Sobre o pagamento à empresa de Eurípedes, diz que à época ele não integrava o quadro societário. 

A deputada estadual gaúcha Luciana Genro (PSOL) disse que trabalhou como advogada do PSOL, atuando em ações judiciais, como contra o aumento da tarifa de transporte, em consultoria política e na elaboração de programas de governo do partido.

O ex-ministro Ciro Gomes disse, por meio de sua assessoria, que já se pronunciou sobre a atuação de seu escritório anteriormente.

No início do ano, quando a Folha mostrou que o Xerez Saldanha Vasconcelos e Ciro Gomes Advogados Associados recebeu R$ 80 mil da candidatura do pedetista em 2018, ele disse que os serviços prestados eram públicos e poderiam ser consultados na Justiça Eleitoral e que tinha se afastado das atividades do escritório durante a campanha eleitoral.
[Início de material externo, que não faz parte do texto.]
lemma deriv_pos_of_nonzero:
  fixes q q' :: "real \<Rightarrow> real"
  assumes "\<alpha> < \<beta>" "continuous_on {\<alpha>..\<beta>} q" "q \<alpha> < q \<beta>"
    and deriv: "\<And>t. t \<in> {\<alpha><..<\<beta>} \<Longrightarrow> (q has_real_derivative q' t) (at t)"
    and "continuous_on {\<alpha><..<\<beta>} q'"
    and nonzero: "\<And>t. t \<in> {\<alpha><..<\<beta>} \<Longrightarrow> q' t \<noteq> 0"
    and t: "t \<in> {\<alpha><..<\<beta>}"
  shows "q' t > 0"
proof (rule ccontr)
  assume "\<not> q' t > 0"
  obtain l z where z: "\<alpha> < z" "z < \<beta>" "(q has_real_derivative l) (at z)"
    and l: "q \<beta> - q \<alpha> = (\<beta> - \<alpha>) * l"
    using MVT[OF assms(1,2)] deriv unfolding real_differentiable_def
    by (metis greaterThanLessThan_iff)
  have "l = q' z"
    using z by (intro DERIV_unique[OF z(3) deriv]) simp
  have "0 < (\<beta> - \<alpha>) * l"
    using l assms(3) by simp
  then have "q' z > 0"
    using \<open>l = q' z\<close> assms(1) by (simp add: zero_less_mult_iff)
  have "connected (q' ` {\<alpha><..<\<beta>})"
    by (rule connected_continuous_image) (use assms in auto)
  then have "{q' t..q' z} \<subseteq> q' ` {\<alpha><..<\<beta>}"
    by (rule connected_contains_Icc) (use t z in auto)
  moreover have "0 \<in> {q' t..q' z}"
    using \<open>\<not> q' t > 0\<close> \<open>q' z > 0\<close> by simp
  ultimately show False
    using nonzero by (metis imageE subsetD)
qed

lemma has_integral_substitution_increasing:
  fixes q q' f :: "real \<Rightarrow> real"
  assumes "\<alpha> \<le> \<beta>" and cont: "continuous_on {\<alpha>..\<beta>} q"
    and deriv: "\<And>t. t \<in> {\<alpha><..<\<beta>} \<Longrightarrow> (q has_real_derivative q' t) (at t)"
    and nonneg: "\<And>t. t \<in> {\<alpha><..<\<beta>} \<Longrightarrow> q' t \<ge> 0"
    and fcont: "continuous_on {q \<alpha>..q \<beta>} f"
  shows "((\<lambda>t. q' t * f (q t)) has_integral integral {q \<alpha>..q \<beta>} f) {\<alpha>..\<beta>}"
proof -
  have mono: "q x \<le> q y" if "\<alpha> \<le> x" "x \<le> y" "y \<le> \<beta>" for x y
  proof (rule DERIV_nonneg_imp_increasing_open[OF \<open>x \<le> y\<close>])
    fix u assume "x < u" "u < y"
    then have "u \<in> {\<alpha><..<\<beta>}" using that by auto
    then show "\<exists>d. (q has_real_derivative d) (at u) \<and> d \<ge> 0"
      using deriv nonneg by blast
  next
    show "continuous_on {x..y} q"
      using that by (intro continuous_on_subset[OF cont]) auto
  qed
  have sub: "q ` {\<alpha>..\<beta>} \<subseteq> {q \<alpha>..q \<beta>}"
  proof (rule image_subsetI)
    fix t assume "t \<in> {\<alpha>..\<beta>}"
    then show "q t \<in> {q \<alpha>..q \<beta>}"
      using mono[of \<alpha> t] mono[of t \<beta>] by simp
  qed
  have dq: "(q has_real_derivative q' t) (at t within {\<alpha>..\<beta>})" if "t \<in> {\<alpha>..\<beta>} - {\<alpha>, \<beta>}" for t
    using deriv[of t] that by (auto intro: has_field_derivative_at_within)
  have "((\<lambda>t. q' t *\<^sub>R f (q t)) has_integral
      integral {q \<alpha>..q \<beta>} f - integral {q \<beta>..q \<alpha>} f) {\<alpha>..\<beta>}"
    by (rule has_integral_substitution_general[of "{\<alpha>, \<beta>}", OF _ \<open>\<alpha> \<le> \<beta>\<close> sub fcont cont dq]) simp
  moreover have "integral {q \<beta>..q \<alpha>} f = 0"
    using mono[OF order_refl \<open>\<alpha> \<le> \<beta>\<close> order_refl] by (intro integral_unique has_integral_null_real) simp
  ultimately show ?thesis by simp
qed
Rafael Carneiro, que integra o Conselho de Ética do PSB, disse, por meio de sua assessoria, que não há vedação legal ou moral que impeça um advogado filiado de prestar serviços a um partido.

Afirma que integra o conselho, no qual dirigentes partidários são vedados, após ter sido convidado devido à sua experiência na área, que inclui serviços ao partido há mais de uma década. 

O escritório Cedraz Advogados informou que presta toda a assessoria jurídica consultiva do Solidariedade, incluindo a representação em mais de cem ações judiciais, principalmente em tribunais superiores.

Afirma que seus sócios apenas compõem a assembleia geral, sem poder deliberativo, e que, na Justiça Eleitoral, a contratação do escritório jamais foi questionada.

Os outros citados na reportagem foram procurados, mas não responderam.